Source records
━━━━━━━━━━━━━━━━

lemma infsum_norm_H0_sq:
  assumes "supp f \<subseteq> modes"
  shows "(\<Sum>\<^sub>\<infinity>(j, p). (cmod (H0 f j p))\<^sup>2) = (\<Sum>\<^sub>\<infinity>(j, p). (cmod p * cmod (f j p))\<^sup>2)"
proof -
  have "bij (\<lambda>(j, p). (flip j, p :: complex))"
    by (rule bij_betw_byWitness [where f' = "\<lambda>(j, p). (flip j, p)"]) (auto simp: flip_flip)
  then show ?thesis
    using infsum_reindex_bij_betw [of "\<lambda>(j, p). (flip j, p)" UNIV UNIV
        "\<lambda>(j, p). (cmod p * cmod (f j p))\<^sup>2"]
    by (simp add: case_prod_unfold norm_H0_sq [OF assms])
qed

section \<open>The Rayleigh-Schroedinger terms\<close>

lemma P_eq: "P c = restrict_coeff {(0, 0)} c"
  unfolding P_def
proof (rule orth_proj_eq_restrict)
  have "restrict_coeff {(0, 0)} c = (\<lambda>j p. (c 0 0 * sqrt Vol) * Psi0 j p)"
    using Vol_pos by (auto simp: restrict_coeff_def Psi0_def fun_eq_iff)
  then show "restrict_coeff {(0, 0)} c \<in> cspan {Psi0}"
    by (simp add: cspan_scale cspan_base)
qed (auto simp: supp_def Psi0_def split: if_splits)

lemma Pperp_eq: "Pperp c = restrict_coeff (- {(0, 0)}) c"
  by (simp add: Pperp_def P_eq restrict_coeff_def fun_eq_iff)

lemma trigpoly_Pperp: "trigpoly c \<Longrightarrow> trigpoly (Pperp c)"
  unfolding Pperp_eq by (rule trigpoly_restrict_coeff) auto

━━━━━━━━━━━━━━━━

Keeping each word as it stands, transcribe every entry.

**Answer space**
lemma infsum_norm_H0_sq:
  assumes "supp f \<subseteq> modes"
  shows "(\<Sum>\<^sub>\<infinity>(j, p). (cmod (H0 f j p))\<^sup>2) = (\<Sum>\<^sub>\<infinity>(j, p). (cmod p * cmod (f j p))\<^sup>2)"
proof -
  have "bij (\<lambda>(j, p). (flip j, p :: complex))"
    by (rule bij_betw_byWitness [where f' = "\<lambda>(j, p). (flip j, p)"]) (auto simp: flip_flip)
  then show ?thesis
    using infsum_reindex_bij_betw [of "\<lambda>(j, p). (flip j, p)" UNIV UNIV
        "\<lambda>(j, p). (cmod p * cmod (f j p))\<^sup>2"]
    by (simp add: case_prod_unfold norm_H0_sq [OF assms])
qed

section \<open>The Rayleigh-Schroedinger terms\<close>

lemma P_eq: "P c = restrict_coeff {(0, 0)} c"
  unfolding P_def
proof (rule orth_proj_eq_restrict)
  have "restrict_coeff {(0, 0)} c = (\<lambda>j p. (c 0 0 * sqrt Vol) * Psi0 j p)"
    using Vol_pos by (auto simp: restrict_coeff_def Psi0_def fun_eq_iff)
  then show "restrict_coeff {(0, 0)} c \<in> cspan {Psi0}"
    by (simp add: cspan_scale cspan_base)
qed (auto simp: supp_def Psi0_def split: if_splits)

lemma Pperp_eq: "Pperp c = restrict_coeff (- {(0, 0)}) c"
  by (simp add: Pperp_def P_eq restrict_coeff_def fun_eq_iff)

lemma trigpoly_Pperp: "trigpoly c \<Longrightarrow> trigpoly (Pperp c)"
  unfolding Pperp_eq by (rule trigpoly_restrict_coeff) auto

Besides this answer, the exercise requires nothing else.